On Fri, Feb 3, 2012 at 10:28 AM, Reindl Harald h.reindl@thelounge.net wrote:
it is quite easy to know the mail-flow and from what public interface mails are going out and hwatever that ip is get a A-Record and matching PTR and that is what "myhostname" has to be set to
RFC quote, please.
On Fri, Feb 03, 2012 at 12:14:13PM -0600, Les Mikesell wrote:
On Fri, Feb 3, 2012 at 10:28 AM, Reindl Harald h.reindl@thelounge.net wrote:
it is quite easy to know the mail-flow and from what public interface mails are going out and hwatever that ip is get a A-Record and matching PTR and that is what "myhostname" has to be set to
RFC quote, please.
In this, Les is correct. The RFCs merely say the HELO needs to _a_ valid identifier for the host. Indeed this discussion was on this list back in July ("SPAM on the List") where I pointed out that RFC 5321 says
=~=~=~=~=~= 4.1.1.1. Extended HELLO (EHLO) or HELLO (HELO)
These commands are used to identify the SMTP client to the SMTP server. The argument clause contains the fully-qualified domain name of the SMTP client, if one is available. In situations in which the SMTP client system does not have a meaningful domain name (e.g., when its address is dynamically allocated and no reverse mapping record is available), the client SHOULD send an address literal (see Section 4.1.3).
You only need to follow 5321 requirements which do _not_ require the host to identify it as matching the specific interface; it merely needs to identify as a valid A record (or address literal) for the client system.

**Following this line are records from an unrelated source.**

lemma rank_le_1_ordered_minor_eq:
  fixes A :: "'a::field mat"
  assumes A: "A \<in> carrier_mat N M" and r: "r < r'" "r' < N" and c: "c < c'" "c' < M"
    and rk: "vec_space.rank N A \<le> 1"
  shows "A $$ (r,c) * A $$ (r',c') = A $$ (r,c') * A $$ (r',c)"
proof (rule ccontr)
  assume ne: "A $$ (r,c) * A $$ (r',c') \<noteq> A $$ (r,c') * A $$ (r',c)"
  let ?A2 = "submatrix A {r,r'} {c,c'}"
  have rows: "{i. i < dim_row A \<and> i \<in> {r,r'}} = {r,r'}"
    and cols: "{j. j < dim_col A \<and> j \<in> {c,c'}} = {c,c'}"
    using A r c by auto
  have before: "{a\<in>{r,r'}. a < r} = {}" "{a\<in>{c,c'}. a < c} = {}"
    "{a\<in>{r,r'}. a < r'} = {r}" "{a\<in>{c,c'}. a < c'} = {c}" using r c by auto
  have "?A2 \<in> carrier_mat 2 2"
    using r c by (intro carrier_matI, unfold dim_submatrix rows cols, simp_all)
  moreover have "?A2 $$ (0,0) = A $$ (r,c)" "?A2 $$ (0,1) = A $$ (r,c')"
    "?A2 $$ (1,0) = A $$ (r',c)" "?A2 $$ (1,1) = A $$ (r',c')"
    using submatrix_index_card[of r A c "{r,r'}" "{c,c'}", unfolded before]
      submatrix_index_card[of r A c' "{r,r'}" "{c,c'}", unfolded before]
      submatrix_index_card[of r' A c "{r,r'}" "{c,c'}", unfolded before]
      submatrix_index_card[of r' A c' "{r,r'}" "{c,c'}", unfolded before] A r c by simp_all
  ultimately have "det ?A2 \<noteq> 0" using ne by (simp add: det_2x2)
  from vec_space.rank_gt_minor[OF A this] have "card {c,c'} \<le> vec_space.rank N A"
    unfolding cols[unfolded carrier_matD(2)[OF A]] .
  thus False using rk c by simp
qed

lemma rank_le_1_minor_eq:
  fixes A :: "'a::field mat"
  assumes A: "A \<in> carrier_mat N M" and r: "r < N" "r' < N" and c: "c < M" "c' < M"
    and rk: "vec_space.rank N A \<le> 1"
  shows "A $$ (r,c) * A $$ (r',c') = A $$ (r,c') * A $$ (r',c)"
proof -
  note ordered = rank_le_1_ordered_minor_eq[OF A _ _ _ _ rk]
  consider "r = r' \<or> c = c'" | "r < r'" "c < c'" | "r < r'" "c' < c" | "r' < r" "c < c'" | "r' < r" "c' < c"
    by linarith
  then show ?thesis
  proof cases
    case 1
    then show ?thesis by (metis mult.commute)
  next
    case 2
    then show ?thesis using ordered[of r r' c c'] r c by simp
  next
    case 3
    then show ?thesis using ordered[of r r' c' c] r c by simp
  next
    case 4
    then show ?thesis using ordered[of r' r c c'] r c by (simp add: mult.commute)
  next
    case 5
    then show ?thesis using ordered[of r' r c' c] r c by (simp add: mult.commute)
  qed
qed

There's nothing to say that the client system need be listening to port 25 (or be open to port 25 connections; firewalls for example), so anyone performing HELO (or EHLO) address verification is pretty much limited to the 2.3.5 requirement; that the passed name is _a_ valid name. Which is, AFAIK, all postfix does. =~=~=~=~=~=
The HELO value does need to be valid, but it _need not_ match the IP address being used to communicate.